3. Linker Layout (linker.ld)

Source File: linker.ld

The linker script is responsible for the final organization of the binary. It defines where each section (text, data, bss) is placed in both physical and virtual memory.

Code Preview: linker.ld
/* The bootloader will look at this image and start execution at the symbol
   designated as the entry point. */
ENTRY(_start)

/* Tell the linker that we want the specific sections in the output file
   to be organized as follows: */
SECTIONS
{
    /* --- PHYSICAL MEMORY SETUP --- */

    /* The kernel will be loaded at 1MB into physical memory. */
    /* We skip the first 1MB to avoid BIOS routines, the VGA text buffer (0xB8000),
       and other hardware-reserved areas typically found in the lower 1MB. */
    . = 1M;

    /* The Multiboot header must appear very early in the binary (within the
       first 8 KiB) so the bootloader (like GRUB) can find it. */
    .multiboot :
    {
        /* Ensure the multiboot header stays at the beginning */
        *(.multiboot)
    }

    /* Sometimes the compiler adds a build-id note. We include it explicitly
       to prevent the linker from placing it somewhere that breaks the layout. */
    .note.gnu.build-id ALIGN(4K) :
    {
        *(.note.gnu.build-id)
    }

    /* The .boot section contains the "trampoline" code.
       Since paging is not yet enabled when the kernel starts, this code
       must execute from low physical memory (around 1MB). */
    .boot ALIGN(4K) :
    {
        *(.boot)
    }

    /* --- HIGHER HALF KERNEL SETUP --- */

    /* We now increment the location counter (.) by 3GB (0xC0000000).
       From this point on, all symbols will be assigned virtual addresses
       in the upper half of memory (e.g., 0xC0100000), but we still need
       to load them at physical address 0x00100000. */
    . += 0xC0000000;

    /* CODE SECTION (.text)
       ALIGN(4K): Align sections on 4KB page boundaries for easy mapping.
       AT(...):   This specifies the Load Memory Address (LMA).
                  We calculate the physical address by taking the current
                  Virtual Address (ADDR(.text)) and subtracting the 3GB offset. */
    .text ALIGN(4K) : AT(ADDR(.text) - 0xC0000000)
    {
        *(.text)
    }

    /* READ-ONLY DATA (.rodata)
       Contains constants, string literals, and C++ vtables. */
    .rodata ALIGN(4K) : AT(ADDR(.rodata) - 0xC0000000)
    {
        *(.rodata)
    }

    /* INITIALIZED DATA (.data)
       Contains global variables that have been assigned a value (e.g., int x = 5;). */
    .data ALIGN(4K) : AT(ADDR(.data) - 0xC0000000)
    {
        *(.data)
    }

    /* UNINITIALIZED DATA (.bss)
       Contains global variables that are zeroed or uninitialized (e.g., int x;).
       Also usually contains the kernel stack.
       *(COMMON) catches C variables that are "tentative" definitions. */
    .bss ALIGN(4K) : AT(ADDR(.bss) - 0xC0000000)
    {
        *(COMMON)
        *(.bss)
    }

    /* End of the kernel image marker. Useful for the memory manager (PMM)
       to know where free memory begins. */
    _kernel_end = .;
}

Under the Hood: VMA vs LMA

The LMA (Load Memory Address) is where the data is actually loaded in RAM (1MB). The VMA (Virtual Memory Address) is where the code expects to be when it runs (0xC0000000 + 1MB). The difference between the two is handled by the initial paging setup in boot.asm.
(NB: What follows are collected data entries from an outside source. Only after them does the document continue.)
section \<open>Transfer of validity\<close>

lemma finite_range_val_ultrafilter_frame:
  assumes "\<forall>u p. V u p \<in> luk n"
  shows "finite (range (val (ultrafilter_frame U) V \<phi>))"
proof (induction \<phi>)
  case (Var p)
  have "range (\<lambda>u. V u p) \<subseteq> luk n"
    using assms by auto
  then show ?case
    using finite_luk by (simp add: finite_subset)
next
  case (Imp a b)
  then show ?case by (simp add: finite_range_comp2)
next
  case (Neg a)
  then show ?case by (simp add: finite_range_comp)
qed (simp_all add: ultrafilter_frame_def image_def)

text \<open>
  In the point frame a \<open>\<box>\<close>-formula is evaluated at \<open>x\<^sub>0\<close>, which the transposition sends to
  \<open>y\<close>; for \<open>U\<close>-almost every \<open>y\<close> the value there is the \<open>U\<close>-limit.
\<close>

lemma eventually_val_point_frame_transpose:
  fixes U :: "'s filter" and x\<^sub>0 :: 's and \<phi> :: "'p fm"
  assumes U: "ultrafilter U" and V: "\<forall>u p. V u p \<in> luk n"
  shows "eventually (\<lambda>y. \<forall>s. val (point_frame x\<^sub>0) (\<lambda>s. V (transpose x\<^sub>0 y s)) \<phi> s
            = val (ultrafilter_frame U) V \<phi> (transpose x\<^sub>0 y s)) U"
proof (induction \<phi>)
  case (Imp a b)
  then show ?case by (rule eventually_elim2) simp
next
  case (Neg a)
  then show ?case by (rule eventually_mono) simp
next
  case (Box C a)
  show ?case
    using Box eventually_eq_ultra_lim[OF U finite_range_val_ultrafilter_frame[OF V]]
    by (rule eventually_elim2) (simp add: point_frame_def ultrafilter_frame_def)
qed simp_all

lemma valid_point_frame_imp_valid_ultrafilter_frame:
  fixes U :: "'s filter" and x\<^sub>0 :: 's and \<phi> :: "'p fm"
  assumes U: "ultrafilter U" and valid: "valid_in_frame n (point_frame x\<^sub>0) \<phi>"
  shows "valid_in_frame n (ultrafilter_frame U) \<phi>"
  unfolding valid_in_frame_def
proof (intro allI impI)
  fix V :: "'s \<Rightarrow> nat \<Rightarrow> real" and u :: 's
  assume V: "\<forall>u p. V u p \<in> luk n"
  obtain y where y: "\<forall>s. val (point_frame x\<^sub>0) (\<lambda>s. V (transpose x\<^sub>0 y s)) \<phi> s
                       = val (ultrafilter_frame U) V \<phi> (transpose x\<^sub>0 y s)"
    using eventually_happens'[OF ultrafilter_not_bot[OF U]
        eventually_val_point_frame_transpose[OF U V]] by blast
  have "val (point_frame x\<^sub>0) (\<lambda>s. V (transpose x\<^sub>0 y s)) \<phi> (transpose x\<^sub>0 y u) = 1"
    using valid[unfolded valid_in_frame_def, rule_format, of "\<lambda>s. V (transpose x\<^sub>0 y s)"] V
    by simp
  then show "val (ultrafilter_frame U) V \<phi> u = 1"
    using y[rule_format, of "transpose x\<^sub>0 y u"] by simp
qed

theorem mainTheorem10:
  fixes n :: nat
  assumes "n \<ge> 1"
    and "CARD('p::finite) \<ge> 2"
    and "infinite (UNIV :: 's set)"
  shows "\<not> (\<exists>\<Lambda> :: 'p fm set. \<forall>F :: ('p, 's) frame.
            playable_frame n F \<longrightarrow>
              (truly_playable_frame n F \<longleftrightarrow> (\<forall>\<phi>\<in>\<Lambda>. valid_in_frame n F \<phi>)))"
proof
  assume "\<exists>\<Lambda> :: 'p fm set. \<forall>F :: ('p, 's) frame.
            playable_frame n F \<longrightarrow>
              (truly_playable_frame n F \<longleftrightarrow> (\<forall>\<phi>\<in>\<Lambda>. valid_in_frame n F \<phi>))"
  then obtain \<Lambda> :: "'p fm set" where \<Lambda>: "\<And>F :: ('p, 's) frame. playable_frame n F \<Longrightarrow>
      truly_playable_frame n F \<longleftrightarrow> (\<forall>\<phi>\<in>\<Lambda>. valid_in_frame n F \<phi>)"
    by blast
  obtain U :: "'s filter" where U: "ultrafilter U" "U \<le> cofinite"
    using ex_ultrafilter_le[of cofinite] assms(3) by auto
  have free: "eventually (\<lambda>s. s \<noteq> b) U" for b
    using U(2) by (auto simp: le_filter_def eventually_cofinite)
  fix x\<^sub>0 :: 's
  have "truly_playable_frame n (point_frame x\<^sub>0 :: ('p, 's) frame)"
    using point_frame_truly_playable[OF assms(1)] .
  then have "\<forall>\<phi>\<in>\<Lambda>. valid_in_frame n (point_frame x\<^sub>0) \<phi>"
    using \<Lambda> unfolding truly_playable_frame_def truly_playable_def playable_frame_def by blast
  then have "\<forall>\<phi>\<in>\<Lambda>. valid_in_frame n (ultrafilter_frame U) \<phi>"
    using valid_point_frame_imp_valid_ultrafilter_frame[OF U(1)] by blast
  then have "truly_playable_frame n (ultrafilter_frame U :: ('p, 's) frame)"
    using \<Lambda>[OF ultrafilter_frame_playable[OF U(1)]] by blast
  then show False
    using ultrafilter_frame_not_principal[OF U(1) free assms(1)]
    unfolding truly_playable_frame_def truly_playable_def by blast
qed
4. C Initialization (init_kernel.c)

Source File: init_kernel.c

Once in the higher half, the init_kernel function orchestrates the setup of all major subsystems. It takes the multiboot magic number and the pointer to the multiboot information structure as arguments.
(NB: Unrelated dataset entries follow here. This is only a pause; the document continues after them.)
lemma hausdorff_dist_cap_section_ge:
  fixes G :: "'a::euclidean_space set"
  assumes "compact G" "norm u = 1" "t > 0" "section_set G u t \<noteq> {}"
  shows "t \<le> hausdorff_dist (cap_set G u t) (section_set G u t)"
proof -
  obtain x where x: "x \<in> G" "x \<bullet> u = support_fun G u"
    using support_fun_attained[OF assms(1)] assms(4) by (auto simp: section_set_def)
  have "t \<le> dist x s" if "s \<in> section_set G u t" for s
  proof -
    have "t = u \<bullet> (x - s)"
      using that x by (simp add: section_set_def inner_diff_right inner_commute)
    also have "\<dots> \<le> norm u * norm (x - s)"
      by (rule norm_cauchy_schwarz)
    finally show ?thesis
      using assms(2) by (simp add: dist_norm)
  qed
  then have "t \<le> infdist x (section_set G u t)"
    using assms(4) by (simp add: infdist_notempty cINF_greatest)
  also have "\<dots> \<le> hausdorff_dist (cap_set G u t) (section_set G u t)"
  proof (rule hausdorff_dist_ge_infdist[OF _ assms(4)])
    show "bounded (cap_set G u t)"
      using compact_imp_bounded[OF assms(1)] by (rule bounded_subset) (auto simp: cap_set_def)
    show "x \<in> cap_set G u t"
      using x assms(3) by (simp add: cap_set_def inner_commute)
  qed
  finally show ?thesis .
qed

lemma cap_point_near_section:
  fixes G :: "'a::euclidean_space set"
  assumes "convex G" "bounded G" "z \<in> G" "t < support_fun G u - z \<bullet> u"
    and "y \<in> cap_set G u t"
  obtains p where "p \<in> section_set G u t"
    and "dist y p \<le> t / (support_fun G u - t - z \<bullet> u) * diameter G"
proof -
  let ?c = "support_fun G u - t"
  have y: "y \<in> G" "?c \<le> u \<bullet> y"
    using assms(5) by (auto simp: cap_set_def)
  have "u \<bullet> y \<le> support_fun G u"
    using inner_le_support_fun[OF assms(2) y(1)] by (simp add: inner_commute)
  have below: "u \<bullet> z < ?c"
    using assms(4) by (simp add: inner_commute)
  obtain l where l: "0 \<le> l" "l \<le> 1" "u \<bullet> ((1 - l) *\<^sub>R z + l *\<^sub>R y) = ?c"
    and ratio: "(1 - l) * (u \<bullet> y - u \<bullet> z) = u \<bullet> y - ?c"
    using segment_point_at_level[of u z y ?c] below y(2) by auto
  define p where "p = (1 - l) *\<^sub>R z + l *\<^sub>R y"
  have "p \<in> section_set G u t"
    using convexD[OF assms(1) assms(3) y(1)] l by (simp add: p_def section_set_def)
  moreover have "dist y p \<le> t / (support_fun G u - t - z \<bullet> u) * diameter G"
  proof -
    have "y - p = (1 - l) *\<^sub>R (y - z)"
      by (simp add: p_def algebra_simps)
    then have "dist y p = (1 - l) * dist y z"
      using l(2) by (simp add: dist_norm)
    also have "\<dots> \<le> t / (support_fun G u - t - z \<bullet> u) * diameter G"
    proof (rule mult_mono)
      have "1 - l = (u \<bullet> y - ?c) / (u \<bullet> y - u \<bullet> z)"
        using ratio below y(2) by (simp add: field_simps)
      also have "\<dots> \<le> t / (support_fun G u - t - z \<bullet> u)"
        using below y(2) \<open>u \<bullet> y \<le> support_fun G u\<close>
        by (intro frac_le) (auto simp: inner_commute)
      finally show "1 - l \<le> t / (support_fun G u - t - z \<bullet> u)" .
      show "dist y z \<le> diameter G"
        using assms(2) y(1) assms(3) by (rule diameter_bounded_bound)
      show "0 \<le> t / (support_fun G u - t - z \<bullet> u)"
        using below y(2) \<open>u \<bullet> y \<le> support_fun G u\<close> by (simp add: inner_commute)
    qed (use l(2) in simp)
    finally show ?thesis .
  qed
  ultimately show ?thesis
    using that by blast
qed

lemma hausdorff_dist_cap_section_le:
  fixes G :: "'a::euclidean_space set"
  assumes "compact G" "convex G" "z \<in> G" "0 < t" "t < support_fun G u - z \<bullet> u"
  shows "0 \<le> hausdorff_dist (cap_set G u t) (section_set G u t)"
    and "hausdorff_dist (cap_set G u t) (section_set G u t)
           \<le> t / (support_fun G u - t - z \<bullet> u) * diameter G"
proof -
  have bG: "bounded G"
    using assms(1) by (rule compact_imp_bounded)
  have near: "\<exists>p\<in>section_set G u t. dist y p \<le> t / (support_fun G u - t - z \<bullet> u) * diameter G"
    if "y \<in> cap_set G u t" for y
    using cap_point_near_section[OF assms(2) bG assms(3,5) that] by blast
  obtain x where "x \<in> G" "x \<bullet> u = support_fun G u"
    using support_fun_attained[OF assms(1)] assms(3) by blast
  then have "x \<in> cap_set G u t"
    using assms(4) by (simp add: cap_set_def inner_commute)
  then have "section_set G u t \<noteq> {}"
    using near by blast
  moreover have "0 \<le> t / (support_fun G u - t - z \<bullet> u) * diameter G"
    using assms(4,5) diameter_ge_0[OF bG] by simp
  ultimately show "0 \<le> hausdorff_dist (cap_set G u t) (section_set G u t)"
    and "hausdorff_dist (cap_set G u t) (section_set G u t)
           \<le> t / (support_fun G u - t - z \<bullet> u) * diameter G"
    using hausdorff_dist_subset_le[OF section_subset_cap _ _ near] by auto
qed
Code Preview: init_kernel.c
#include "kernel/tty.h"
#include "gdt.h"
#include "idt.h"
#include "task.h"
#include "timer.h"
#include "keyboard.h"
#include "ata.h"
#include "ahci.h"
#include "pci.h"
#include "vfs.h"
#include <stdint.h>
#include <stdio.h>
#include "memory.h"
#include "kmalloc.h"

extern uint32_t _kernel_end;

/*
 * init_kernel
 * The main entry point for C kernel initialization.
 * Called from boot.asm after stack setup.
 */
void init_kernel(uint32_t magic, MultiBootInfo* boot_info) {
    (void)magic; // Suppress unused parameter warning

    // Convert boot_info to virtual address (higher half)
    // GRUB passes a physical address, which is currently identity mapped.
    // We must use the virtual address once identity mapping is removed.
    boot_info = (MultiBootInfo*)((uint32_t)boot_info + KERNEL_START);

    // Initialize core kernel subsystems
    init_terminal();
    init_gdt();
    init_idt();
    pci_init();
    init_keyboard();

    {
        /*
        * Memory Management Initialization
        *
        * 1. Calculate the end of the last loaded module (e.g., initrd).
        * If no modules are present, we use the end of the kernel image.
        */
        uint32_t module_end = (uint32_t)&_kernel_end;

        // Convert to physical address if it's a virtual address from the linker
        if (module_end >= KERNEL_START) {
            module_end -= KERNEL_START;
        }

        if (boot_info->flags & (1 << 3) && boot_info->mods_count > 0) {
            // mods_addr is a physical address
            uint32_t* mods = (uint32_t*)(boot_info->mods_addr + KERNEL_START);
            uint32_t first_mod_end = mods[1]; // end address of the first module
            if (first_mod_end > module_end) {
                module_end = first_mod_end;
            }
        }

        /*
        * 2. Align the start of free physical memory to the next 4KB page boundary.
        */
        uint32_t phys_alloc_start = (module_end + 0xFFF) & ~0xFFF;

        // 3. Initialize the physical memory manager and paging system.
        // boot_info->mem_upper is KB above 1MB. Total memory = 1024 + mem_upper.
        init_memory(1024 + boot_info->mem_upper, phys_alloc_start);
    }

    // 4. Initialize the kernel heap (1MB initial size).
    kmalloc_init(1024 * 1024);

    // Register devices and VFS now that heap is ready
    tty_register();
    keyboard_register();
    init_ata();
    init_ahci();
    vfs_init();

    // 5. init Kernel Task Scheduler
    printf("\nInitializing Multitasking...\n");
    task_init_scheduler();

    printf("Memory allocation initialized.\n");
}

Initialization Steps:

  1. VGA/TTY: Clears the screen and prepares for text output.
  2. GDT & IDT: Replaces the GRUB-provided table with our own to handle memory segments and interrupts.
  3. Keyboard: Initializes the PS/2 keyboard driver.
  4. Memory Management:
    • PMM: Calculates available RAM from the boot_info provided by GRUB.
    • Paging: Sets up recursive paging and removes the identity mapping.
  5. Heap: Initializes kmalloc with a 1MB pool.
  6. PCI Scan: Enumerate devices on the PCI bus to find IDE/ATA controllers.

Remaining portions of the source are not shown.